Data for the task Block Start
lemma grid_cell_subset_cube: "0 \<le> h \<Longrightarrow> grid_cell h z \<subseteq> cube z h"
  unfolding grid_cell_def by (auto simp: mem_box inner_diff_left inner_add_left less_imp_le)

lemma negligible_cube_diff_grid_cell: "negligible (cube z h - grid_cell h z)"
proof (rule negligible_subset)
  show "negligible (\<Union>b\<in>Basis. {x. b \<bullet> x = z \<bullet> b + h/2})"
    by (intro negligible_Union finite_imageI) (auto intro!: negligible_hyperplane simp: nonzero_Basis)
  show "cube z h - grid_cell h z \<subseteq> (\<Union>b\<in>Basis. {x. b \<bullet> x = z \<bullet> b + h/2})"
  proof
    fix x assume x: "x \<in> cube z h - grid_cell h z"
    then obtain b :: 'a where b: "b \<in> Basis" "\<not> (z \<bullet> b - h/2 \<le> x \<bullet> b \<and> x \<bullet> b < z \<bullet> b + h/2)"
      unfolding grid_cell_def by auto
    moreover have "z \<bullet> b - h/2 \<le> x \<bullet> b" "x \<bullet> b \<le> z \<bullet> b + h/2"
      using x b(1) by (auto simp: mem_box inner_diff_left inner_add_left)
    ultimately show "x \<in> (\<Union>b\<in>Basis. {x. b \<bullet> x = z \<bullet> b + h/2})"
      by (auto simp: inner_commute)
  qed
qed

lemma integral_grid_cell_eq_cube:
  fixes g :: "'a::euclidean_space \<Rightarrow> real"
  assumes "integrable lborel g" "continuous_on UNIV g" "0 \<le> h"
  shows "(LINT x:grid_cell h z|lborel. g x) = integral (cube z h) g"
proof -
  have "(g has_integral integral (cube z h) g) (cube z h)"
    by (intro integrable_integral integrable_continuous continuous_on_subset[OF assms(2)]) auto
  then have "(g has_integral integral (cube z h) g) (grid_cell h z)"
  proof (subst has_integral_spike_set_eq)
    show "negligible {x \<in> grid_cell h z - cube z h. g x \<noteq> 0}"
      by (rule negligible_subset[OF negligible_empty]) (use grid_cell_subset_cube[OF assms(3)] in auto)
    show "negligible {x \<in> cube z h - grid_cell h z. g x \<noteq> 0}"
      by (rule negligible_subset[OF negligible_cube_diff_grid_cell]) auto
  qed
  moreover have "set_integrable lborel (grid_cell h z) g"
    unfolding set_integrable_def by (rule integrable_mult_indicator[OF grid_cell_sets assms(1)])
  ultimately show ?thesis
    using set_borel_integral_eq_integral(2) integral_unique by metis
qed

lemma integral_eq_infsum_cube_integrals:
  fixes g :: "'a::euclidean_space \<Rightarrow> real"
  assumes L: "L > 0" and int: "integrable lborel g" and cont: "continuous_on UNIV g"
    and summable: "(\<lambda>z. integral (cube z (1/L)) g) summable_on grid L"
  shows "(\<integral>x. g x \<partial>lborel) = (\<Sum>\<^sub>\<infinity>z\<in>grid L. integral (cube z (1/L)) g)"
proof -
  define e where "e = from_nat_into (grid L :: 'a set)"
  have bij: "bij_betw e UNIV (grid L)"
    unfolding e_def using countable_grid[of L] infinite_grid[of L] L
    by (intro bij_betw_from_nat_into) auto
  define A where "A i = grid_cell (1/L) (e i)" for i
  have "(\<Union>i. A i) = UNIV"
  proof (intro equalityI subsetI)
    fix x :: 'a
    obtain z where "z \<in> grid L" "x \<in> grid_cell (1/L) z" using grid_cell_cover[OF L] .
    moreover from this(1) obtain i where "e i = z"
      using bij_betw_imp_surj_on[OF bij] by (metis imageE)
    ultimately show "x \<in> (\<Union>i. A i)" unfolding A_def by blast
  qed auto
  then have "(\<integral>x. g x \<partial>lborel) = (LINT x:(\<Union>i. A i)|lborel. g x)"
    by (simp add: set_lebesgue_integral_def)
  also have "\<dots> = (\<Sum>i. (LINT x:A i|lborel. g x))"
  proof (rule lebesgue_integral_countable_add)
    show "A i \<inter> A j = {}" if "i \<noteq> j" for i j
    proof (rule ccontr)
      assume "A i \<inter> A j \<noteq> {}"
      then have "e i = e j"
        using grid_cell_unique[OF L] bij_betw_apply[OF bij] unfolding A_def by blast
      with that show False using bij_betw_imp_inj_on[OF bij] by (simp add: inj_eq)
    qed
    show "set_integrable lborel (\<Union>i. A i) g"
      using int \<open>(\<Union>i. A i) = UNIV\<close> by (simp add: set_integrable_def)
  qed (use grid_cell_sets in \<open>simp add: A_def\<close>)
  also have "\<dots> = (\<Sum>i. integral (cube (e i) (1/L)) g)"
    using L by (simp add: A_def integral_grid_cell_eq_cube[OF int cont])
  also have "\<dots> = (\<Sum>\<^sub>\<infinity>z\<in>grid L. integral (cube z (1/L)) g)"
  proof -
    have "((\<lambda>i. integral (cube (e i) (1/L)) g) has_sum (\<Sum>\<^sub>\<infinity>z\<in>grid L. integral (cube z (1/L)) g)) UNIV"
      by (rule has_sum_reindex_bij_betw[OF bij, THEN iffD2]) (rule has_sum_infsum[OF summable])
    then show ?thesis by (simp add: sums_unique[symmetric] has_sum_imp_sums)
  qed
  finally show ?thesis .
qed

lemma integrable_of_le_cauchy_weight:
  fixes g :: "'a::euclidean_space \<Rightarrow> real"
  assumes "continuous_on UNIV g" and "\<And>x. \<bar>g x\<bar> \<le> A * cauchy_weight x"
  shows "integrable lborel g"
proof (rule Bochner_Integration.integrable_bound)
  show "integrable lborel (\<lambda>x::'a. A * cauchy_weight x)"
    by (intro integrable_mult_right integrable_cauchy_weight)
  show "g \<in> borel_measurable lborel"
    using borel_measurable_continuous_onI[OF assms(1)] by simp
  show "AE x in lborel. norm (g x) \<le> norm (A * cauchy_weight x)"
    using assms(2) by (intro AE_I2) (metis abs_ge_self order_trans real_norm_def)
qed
Data for the task Block End
Data for the task Block Start
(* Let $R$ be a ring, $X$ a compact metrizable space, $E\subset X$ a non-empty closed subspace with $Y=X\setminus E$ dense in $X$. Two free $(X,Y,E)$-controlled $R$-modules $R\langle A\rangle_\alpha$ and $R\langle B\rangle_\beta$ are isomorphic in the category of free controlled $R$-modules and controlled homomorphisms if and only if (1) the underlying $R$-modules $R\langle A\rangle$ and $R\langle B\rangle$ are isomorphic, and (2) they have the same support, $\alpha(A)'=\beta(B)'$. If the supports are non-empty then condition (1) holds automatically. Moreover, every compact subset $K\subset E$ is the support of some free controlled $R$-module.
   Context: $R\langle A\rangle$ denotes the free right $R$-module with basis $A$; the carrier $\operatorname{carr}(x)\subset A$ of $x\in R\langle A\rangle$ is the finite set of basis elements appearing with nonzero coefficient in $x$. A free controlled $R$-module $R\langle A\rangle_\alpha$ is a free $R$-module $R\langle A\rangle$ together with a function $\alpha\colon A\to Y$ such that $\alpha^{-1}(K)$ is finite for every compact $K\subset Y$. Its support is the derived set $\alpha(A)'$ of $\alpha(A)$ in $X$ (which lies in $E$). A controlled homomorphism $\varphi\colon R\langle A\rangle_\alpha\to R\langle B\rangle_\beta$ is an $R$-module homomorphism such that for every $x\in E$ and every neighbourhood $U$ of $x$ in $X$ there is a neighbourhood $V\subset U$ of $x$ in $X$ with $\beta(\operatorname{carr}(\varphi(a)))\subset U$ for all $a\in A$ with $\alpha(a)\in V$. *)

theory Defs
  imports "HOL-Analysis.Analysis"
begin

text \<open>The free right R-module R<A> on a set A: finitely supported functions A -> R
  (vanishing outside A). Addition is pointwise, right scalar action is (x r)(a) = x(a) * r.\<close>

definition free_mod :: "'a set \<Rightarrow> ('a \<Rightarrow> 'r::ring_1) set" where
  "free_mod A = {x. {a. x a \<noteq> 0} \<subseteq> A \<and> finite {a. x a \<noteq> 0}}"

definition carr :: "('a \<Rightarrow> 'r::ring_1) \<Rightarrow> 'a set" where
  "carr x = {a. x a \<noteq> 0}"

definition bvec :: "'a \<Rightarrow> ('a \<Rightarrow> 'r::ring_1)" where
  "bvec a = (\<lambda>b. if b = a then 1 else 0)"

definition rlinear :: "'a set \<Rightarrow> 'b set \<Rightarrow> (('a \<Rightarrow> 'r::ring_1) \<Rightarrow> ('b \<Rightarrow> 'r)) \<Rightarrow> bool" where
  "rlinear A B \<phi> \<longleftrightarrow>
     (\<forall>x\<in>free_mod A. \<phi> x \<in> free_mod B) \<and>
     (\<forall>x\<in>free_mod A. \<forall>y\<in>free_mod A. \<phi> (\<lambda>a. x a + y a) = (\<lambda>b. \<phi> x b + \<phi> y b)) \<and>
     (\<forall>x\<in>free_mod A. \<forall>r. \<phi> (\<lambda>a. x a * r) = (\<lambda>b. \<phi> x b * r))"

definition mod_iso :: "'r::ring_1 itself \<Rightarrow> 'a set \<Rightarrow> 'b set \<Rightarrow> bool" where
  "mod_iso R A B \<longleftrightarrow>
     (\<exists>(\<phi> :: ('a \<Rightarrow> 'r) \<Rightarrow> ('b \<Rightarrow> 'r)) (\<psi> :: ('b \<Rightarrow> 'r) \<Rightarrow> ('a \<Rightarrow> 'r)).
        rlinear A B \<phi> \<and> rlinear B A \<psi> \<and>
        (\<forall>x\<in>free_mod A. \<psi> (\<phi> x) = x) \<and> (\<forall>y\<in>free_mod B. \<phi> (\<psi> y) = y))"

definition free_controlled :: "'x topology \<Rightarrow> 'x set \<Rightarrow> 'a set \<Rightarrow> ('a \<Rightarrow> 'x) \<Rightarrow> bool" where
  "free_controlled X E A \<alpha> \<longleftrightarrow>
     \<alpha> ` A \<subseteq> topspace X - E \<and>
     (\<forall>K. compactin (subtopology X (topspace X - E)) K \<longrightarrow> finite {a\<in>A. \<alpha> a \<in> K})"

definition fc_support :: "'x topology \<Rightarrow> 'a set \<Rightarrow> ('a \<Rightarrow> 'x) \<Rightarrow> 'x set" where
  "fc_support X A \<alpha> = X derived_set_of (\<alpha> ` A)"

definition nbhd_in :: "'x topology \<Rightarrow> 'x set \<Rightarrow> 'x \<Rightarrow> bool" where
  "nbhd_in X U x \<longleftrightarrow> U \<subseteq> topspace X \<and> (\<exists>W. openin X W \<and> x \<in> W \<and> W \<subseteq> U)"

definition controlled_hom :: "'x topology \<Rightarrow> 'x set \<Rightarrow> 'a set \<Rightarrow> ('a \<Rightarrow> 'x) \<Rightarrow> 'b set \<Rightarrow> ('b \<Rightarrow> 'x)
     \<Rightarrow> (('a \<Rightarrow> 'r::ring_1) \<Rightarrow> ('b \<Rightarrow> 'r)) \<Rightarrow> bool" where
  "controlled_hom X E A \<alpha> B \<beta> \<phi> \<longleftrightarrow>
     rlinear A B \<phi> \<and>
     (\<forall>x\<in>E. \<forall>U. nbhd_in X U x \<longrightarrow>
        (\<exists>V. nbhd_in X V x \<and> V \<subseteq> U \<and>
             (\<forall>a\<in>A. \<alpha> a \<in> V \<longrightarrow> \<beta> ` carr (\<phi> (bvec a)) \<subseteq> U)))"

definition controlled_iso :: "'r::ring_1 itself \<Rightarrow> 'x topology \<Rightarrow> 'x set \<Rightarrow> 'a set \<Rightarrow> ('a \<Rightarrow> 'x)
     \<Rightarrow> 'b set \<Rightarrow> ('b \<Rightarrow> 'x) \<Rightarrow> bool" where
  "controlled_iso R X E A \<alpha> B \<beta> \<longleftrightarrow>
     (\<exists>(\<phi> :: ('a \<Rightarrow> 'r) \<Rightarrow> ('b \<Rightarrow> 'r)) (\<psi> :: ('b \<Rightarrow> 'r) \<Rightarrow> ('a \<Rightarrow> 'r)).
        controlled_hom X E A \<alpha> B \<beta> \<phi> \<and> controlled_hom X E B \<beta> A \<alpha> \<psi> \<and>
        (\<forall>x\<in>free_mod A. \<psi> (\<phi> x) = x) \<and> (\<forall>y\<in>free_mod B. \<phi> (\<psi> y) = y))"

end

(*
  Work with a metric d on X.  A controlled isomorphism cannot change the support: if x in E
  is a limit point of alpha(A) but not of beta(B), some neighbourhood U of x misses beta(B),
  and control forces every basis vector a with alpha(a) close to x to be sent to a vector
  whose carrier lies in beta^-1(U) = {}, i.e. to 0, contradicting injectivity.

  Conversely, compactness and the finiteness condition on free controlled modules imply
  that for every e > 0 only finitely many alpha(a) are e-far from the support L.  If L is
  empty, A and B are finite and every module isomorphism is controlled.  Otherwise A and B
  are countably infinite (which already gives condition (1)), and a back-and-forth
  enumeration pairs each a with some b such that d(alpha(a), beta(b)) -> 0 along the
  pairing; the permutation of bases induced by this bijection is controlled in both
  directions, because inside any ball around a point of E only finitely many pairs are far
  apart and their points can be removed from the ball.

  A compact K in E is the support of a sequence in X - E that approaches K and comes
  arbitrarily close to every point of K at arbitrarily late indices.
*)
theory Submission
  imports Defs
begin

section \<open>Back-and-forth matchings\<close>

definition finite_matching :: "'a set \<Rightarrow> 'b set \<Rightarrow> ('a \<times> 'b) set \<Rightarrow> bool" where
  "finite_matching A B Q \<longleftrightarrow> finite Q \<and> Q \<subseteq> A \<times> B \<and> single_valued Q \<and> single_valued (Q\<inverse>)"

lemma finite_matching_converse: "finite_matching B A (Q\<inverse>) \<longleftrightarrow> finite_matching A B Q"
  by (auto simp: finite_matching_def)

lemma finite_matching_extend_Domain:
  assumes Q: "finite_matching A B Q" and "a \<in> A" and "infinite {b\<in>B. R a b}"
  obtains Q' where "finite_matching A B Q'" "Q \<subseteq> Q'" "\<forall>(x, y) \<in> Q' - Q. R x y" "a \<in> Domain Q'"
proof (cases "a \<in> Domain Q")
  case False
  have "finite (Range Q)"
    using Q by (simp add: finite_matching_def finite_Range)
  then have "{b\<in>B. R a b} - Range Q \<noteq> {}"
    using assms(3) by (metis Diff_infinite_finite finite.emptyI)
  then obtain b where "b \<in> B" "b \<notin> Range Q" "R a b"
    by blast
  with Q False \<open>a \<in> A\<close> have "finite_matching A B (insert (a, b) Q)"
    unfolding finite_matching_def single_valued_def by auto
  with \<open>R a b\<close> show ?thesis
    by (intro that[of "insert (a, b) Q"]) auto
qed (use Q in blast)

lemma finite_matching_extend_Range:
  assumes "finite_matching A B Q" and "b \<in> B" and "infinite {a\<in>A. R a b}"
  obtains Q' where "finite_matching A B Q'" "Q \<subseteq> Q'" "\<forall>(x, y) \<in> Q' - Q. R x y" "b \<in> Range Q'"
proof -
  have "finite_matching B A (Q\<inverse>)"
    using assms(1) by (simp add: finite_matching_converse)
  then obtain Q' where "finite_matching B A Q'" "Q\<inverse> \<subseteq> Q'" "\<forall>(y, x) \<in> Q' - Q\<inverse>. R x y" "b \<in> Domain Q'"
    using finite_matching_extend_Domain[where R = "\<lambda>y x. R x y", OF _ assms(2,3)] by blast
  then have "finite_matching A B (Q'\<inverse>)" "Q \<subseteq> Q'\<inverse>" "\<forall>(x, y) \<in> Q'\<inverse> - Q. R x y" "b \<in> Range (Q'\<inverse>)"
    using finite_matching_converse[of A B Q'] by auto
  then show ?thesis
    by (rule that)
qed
Data for the task Block End
Directions: Return each line of the material above that holds the string "bvec".

Answer to this problem:
definition bvec :: "'a \<Rightarrow> ('a \<Rightarrow> 'r::ring_1)" where
  "bvec a = (\<lambda>b. if b = a then 1 else 0)"
             (\<forall>a\<in>A. \<alpha> a \<in> V \<longrightarrow> \<beta> ` carr (\<phi> (bvec a)) \<subseteq> U)))"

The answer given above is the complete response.